Advantageously, the protective membrane of the sealing element is designed such that, in the normal state of the electrochemical cell assigned to it, it bears at least partially against the side of the blow-off valve assigned to this electrochemical cell, when this blow-off valve is closed. In normal operation of the accumulator, that is, in the non-loaded with a harmful internal pressure state, thus the protective membrane is supported on the inside of the electrochemical cell remote from the outside of the blow-off. This is particularly advantageous when an other electrochemical cell of the accumulator is so charged with an internal pressure that the blow-off opens this electrochemical cell, so that a pressurized mixture can escape into the Entgasungsrohrsystem and thus the protective membrane of other electrochemical cells thereof Accumulator from the degassing tube system pressurized. Because the protective membrane of these other non-damaging internal pressure electrochemical cells are supported on the outside of the blow-off valves of these cells, it can not break or tearing open in the protective membrane and / or in by the pressurization of the protective membranes of the degassing come to the connection region thereof to the sealing body existing predetermined breaking point. Instead, the protective membrane forms a protective layer on the electrochemical cells, which are not subject to harmful internal pressure, on which the substance mixture emerging from a further electrochemical cell can deposit, without this cell of the accumulator being able to be opened. The particular design of the protective membranes can be done so that air or creepage distances for the mixture in the normal and in case of failure of a battery to adjacent electrically conductive components of the battery are increased to thereby a To prevent higher protection against the formation of electrically conductive connections between such components of a battery.

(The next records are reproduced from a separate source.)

text \<open>On a cycle, both neighbours of a vertex of minimal level lie one level higher, so an
  injective levelling forces them to coincide.\<close>
lemma not_graph_has_cycle_if_levels:
  assumes level: "\<And>u w. E u w \<Longrightarrow> \<pi> w = Suc (\<pi> u) \<or> \<pi> u = Suc (\<pi> w)"
    and dom: "\<And>u w. E u w \<Longrightarrow> u \<in> D" and inj: "inj_on \<pi> D"
  shows "\<not> graph_has_cycle E"
proof
  assume "graph_has_cycle E"
  then obtain vs where len: "3 \<le> length vs" and dist: "distinct vs"
    and step: "\<forall>i<length vs. E (vs ! i) (vs ! (Suc i mod length vs))"
    using graph_has_cycle_cyclic by blast
  define L where "L = length vs"
  obtain i where i: "i < L" and min: "\<And>j. j < L \<Longrightarrow> \<pi> (vs ! i) \<le> \<pi> (vs ! j)"
  proof -
    have "Min (\<pi> ` set vs) \<in> \<pi> ` set vs" using len by (intro Min_in) auto
    then obtain i where "i < L" "\<pi> (vs ! i) = Min (\<pi> ` set vs)" by (auto simp: in_set_conv_nth L_def)
    then show thesis by (intro that) (auto simp: L_def)
  qed
  define a where "a = (if Suc i = L then 0 else Suc i)"
  define b where "b = (if i = 0 then L - 1 else i - 1)"
  have "a < L" "b < L" "Suc i mod L = a" "Suc b mod L = i"
    using len i by (auto simp: a_def b_def L_def)
  have up: "\<pi> (vs ! j) = Suc (\<pi> (vs ! i))" if "j < L" "E (vs ! i) (vs ! j) \<or> E (vs ! j) (vs ! i)" for j
  proof -
    have "\<pi> (vs ! j) = Suc (\<pi> (vs ! i)) \<or> \<pi> (vs ! i) = Suc (\<pi> (vs ! j))"
      using that(2) level by blast
    with min[OF that(1)] show ?thesis by linarith
  qed
  have "E (vs ! i) (vs ! a)" "E (vs ! b) (vs ! i)"
    using step[rule_format, of i] step[rule_format, of b] i \<open>b < L\<close> \<open>Suc i mod L = a\<close> \<open>Suc b mod L = i\<close> by (simp_all add: L_def)
  then have "\<pi> (vs ! a) = \<pi> (vs ! b)"
    using up[of a] up[of b] \<open>a < L\<close> \<open>b < L\<close> by simp
  moreover have "vs ! a \<in> D" "vs ! b \<in> D"
    using dom step[rule_format] \<open>a < L\<close> \<open>b < L\<close> by (auto simp: L_def)
  ultimately have "vs ! a = vs ! b" using inj by (simp add: inj_on_def)
  with dist \<open>a < L\<close> \<open>b < L\<close> have "a = b" by (simp add: nth_eq_iff_index_eq L_def)
  then show False using len i by (auto simp: a_def b_def L_def split: if_splits)
qed

lemma not_graph_bipartite_if_odd_cycle:
  assumes odd: "odd (length vs)" and step: "\<forall>i. i + 1 < length vs \<longrightarrow> E (vs ! i) (vs ! (i + 1))"
    and close: "E (last vs) (hd vs)"
  shows "\<not> graph_bipartite E"
proof
  assume "graph_bipartite E"
  then obtain S where S: "\<And>u w. E u w \<Longrightarrow> u \<in> S \<longleftrightarrow> w \<notin> S" by (auto simp: graph_bipartite_def)
  have alternate: "vs ! i \<in> S \<longleftrightarrow> (vs ! 0 \<in> S \<longleftrightarrow> even i)" if "i < length vs" for i
    using that
  proof (induction i)
    case (Suc i)
    then have "E (vs ! i) (vs ! Suc i)" using step by simp
    with Suc S show ?case by auto
  qed simp
  have "vs \<noteq> []" using odd by auto
  then have "last vs = vs ! (length vs - 1)" "hd vs = vs ! 0" "even (length vs - 1)"
    using odd by (simp_all add: last_conv_nth hd_conv_nth)
  with alternate[of "length vs - 1"] S[OF close] \<open>vs \<noteq> []\<close> show False by simp
qed

text \<open>The strand through vertex 1; for even |s| it ends at 2N + 1, so the extra edge closes it.\<close>
definition second_strand :: "nat \<Rightarrow> nat set \<Rightarrow> nat list" where
  "second_strand N s = map (\<lambda>c. ladder_vertex c (\<not> crossing_parity s c)) [0..<Suc N]"

lemma second_strand_cycle:
  assumes N: "2 \<le> N" and s: "s \<subseteq> {..<N}" and even: "even (card s)"
  shows "length (second_strand N s) = Suc N" "distinct (second_strand N s)"
    "\<forall>i. i + 1 < length (second_strand N s) \<longrightarrow>
       ladder_edge N s (second_strand N s ! i) (second_strand N s ! (i + 1))"
    "ladder_edge N s (last (second_strand N s)) (hd (second_strand N s))"
proof -
  let ?vs = "second_strand N s"
  show "length ?vs = Suc N" by (simp add: second_strand_def)
  show "distinct ?vs" by (simp add: second_strand_def distinct_map inj_on_def del: upt_Suc)
  show "\<forall>i. i + 1 < length ?vs \<longrightarrow> ladder_edge N s (?vs ! i) (?vs ! (i + 1))"
  proof (intro allI impI)
    fix i assume "i + 1 < length ?vs"
    then have i: "i < N" by (simp add: second_strand_def)
    have "ladder_vertex i (\<not> crossing_parity s i) \<le> 2 * i + 1" by (rule ladder_vertex_le)
    with i have "ladder_vertex i (\<not> crossing_parity s i) < 2 * N + 2" by linarith
    moreover have "ladder_next s (ladder_vertex i (\<not> crossing_parity s i))
        = ladder_vertex (Suc i) (\<not> crossing_parity s (Suc i))"
      by (simp add: ladder_next_def crossing_parity_Suc)
    ultimately show "ladder_edge N s (?vs ! i) (?vs ! (i + 1))"
      using i by (simp add: second_strand_def ladder_edge_iff[OF N] nth_append del: upt_Suc)
  qed
  have "\<not> crossing_parity s N" using crossing_parity_all[OF s] even by simp
  then have "last ?vs = 2 * N + 1"
    by (simp add: second_strand_def last_conv_nth ladder_vertex_def del: upt_Suc)
  moreover have "hd ?vs = 1" by (simp add: second_strand_def hd_conv_nth ladder_vertex_def del: upt_Suc)
  ultimately show "ladder_edge N s (last ?vs) (hd ?vs)" by (simp add: ladder_edge_iff[OF N])
qed

lemma ladder_odd_crossings:
  assumes N: "2 \<le> N" and s: "s \<subseteq> {..<N}" and odd: "odd (card s)"
  shows "graph_bipartite (ladder_edge N s)" "\<not> graph_has_cycle (ladder_edge N s)"
proof -
  show "graph_bipartite (ladder_edge N s)"
    by (rule graph_bipartite_if_levels) (rule path_position_edge[OF N s odd])
  show "\<not> graph_has_cycle (ladder_edge N s)"
  proof (rule not_graph_has_cycle_if_levels)
    fix u w assume e: "ladder_edge N s u w"
    show "path_position N s w = Suc (path_position N s u) \<or> path_position N s u = Suc (path_position N s w)"
      by (rule path_position_edge[OF N s odd e])
    show "u \<in> {..<2 * N + 2}" using ladder_edge_sym[OF N e] by simp
  qed (rule inj_on_path_position)
qed

lemma ladder_even_crossings:
  assumes N: "2 \<le> N" "even N" and s: "s \<subseteq> {..<N}" and even: "even (card s)"
  shows "graph_has_cycle (ladder_edge N s)" "\<not> graph_bipartite (ladder_edge N s)"
proof -
  note cycle = second_strand_cycle[OF N(1) s even]
  show "graph_has_cycle (ladder_edge N s)"
    unfolding graph_has_cycle_def using cycle N(1) by (intro exI[of _ "second_strand N s"]) simp
  show "\<not> graph_bipartite (ladder_edge N s)"
    using cycle N by (intro not_graph_bipartite_if_odd_cycle[of "second_strand N s"]) simp_all
qed

lemma odd_card_sym_diff_singleton:
  assumes "finite s"
  shows "odd (card (sym_diff s {k})) \<longleftrightarrow> even (card s)"
proof (cases "k \<in> s")
  case True
  then have "sym_diff s {k} = s - {k}" by auto
  with True assms show ?thesis by (auto simp: card_Diff_singleton)
next
  case False
  then have "sym_diff s {k} = insert k s" by auto
  with False assms show ?thesis by simp
qed

lemma parity_property_query_lower_bound:
  assumes n: "10 \<le> n"
    and parity: "\<And>N s. 2 \<le> N \<Longrightarrow> even N \<Longrightarrow> s \<subseteq> {..<N} \<Longrightarrow>
                   P (ladder_edge N s) \<longleftrightarrow> (odd (card s) \<longleftrightarrow> b)"
    and decides: "decides_bounded_error n P m T U Acc"
  shows "real n / 288 \<le> real T"
proof -
  define N where "N = 2 * ((n - 2) div 4)"
  have N: "2 \<le> N" "even N" "2 * N + 2 \<le> n" "n \<le> 4 * N"
    using n unfolding N_def by presburger+
  interpret toggle_sensitive_inputs n m T U Acc P N "ladder_deg N" "ladder_nbr N" ladder_window
  proof
    show "decides_bounded_error n P m T U Acc" by (rule decides)
    show "adj_array n (ladder_deg N) (ladder_nbr N s)" for s using adj_array_ladder N by simp
    show "ladder_nbr N (sym_diff s {k}) v j = ladder_nbr N s v j" if "v \<notin> ladder_window k" for s k v j
      using that by (rule ladder_nbr_sym_diff)
    show "card {k \<in> {..<N}. v \<in> ladder_window k} \<le> 2" for v by (rule card_ladder_windows_le)
    show "0 < N" using N by simp
    fix s k assume s: "s \<subseteq> {..<N}" and "k < N"
    then have "sym_diff s {k} \<subseteq> {..<N}" by auto
    with s N show "P (ladder_edge N (sym_diff s {k})) \<noteq> P (ladder_edge N s)"
      using odd_card_sym_diff_singleton[of s k] finite_subset[OF s] by (simp add: parity)
  qed
  show ?thesis using queries_lower_bound N by linarith
qed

The invention will be explained in more detail below with reference to the embodiments shown in the accompanying figures. Showing:

1 FIG. 2 is a schematic cross-sectional view of an exemplary embodiment of an accumulator according to the invention, FIG.

2a : A detailed representation of a cross section of an embodiment of the sealing element according to the invention in the unloaded state and

2 B : A detailed representation of a cross section of an embodiment of the sealing element according to the invention in the loaded state.

1 shows an accumulator 1 with two electrochemical cell 2 and 3 and a degassing pipe system 4 , Every electrochemical cell 2 respectively. 3 has a normal operation of the accumulator 1 with a blow-off valve 5 respectively. 6 gas-tight closed blow-off opening 7 respectively. 8th on. In 1 is only the exhaust port shown on the left 7 with the blow-off valve arranged thereon 5 is sealed gas-tight, whereas at the blow-off 8th arranged blow-off valve 6 is open. The electrochemical cell 3 is thus with the blow-off valve open 6 fluid-conducting with a degassing connection 10 on the degassing pipe system 4 connected. The blow-off valves 5 and 6 are designed as bursting valves.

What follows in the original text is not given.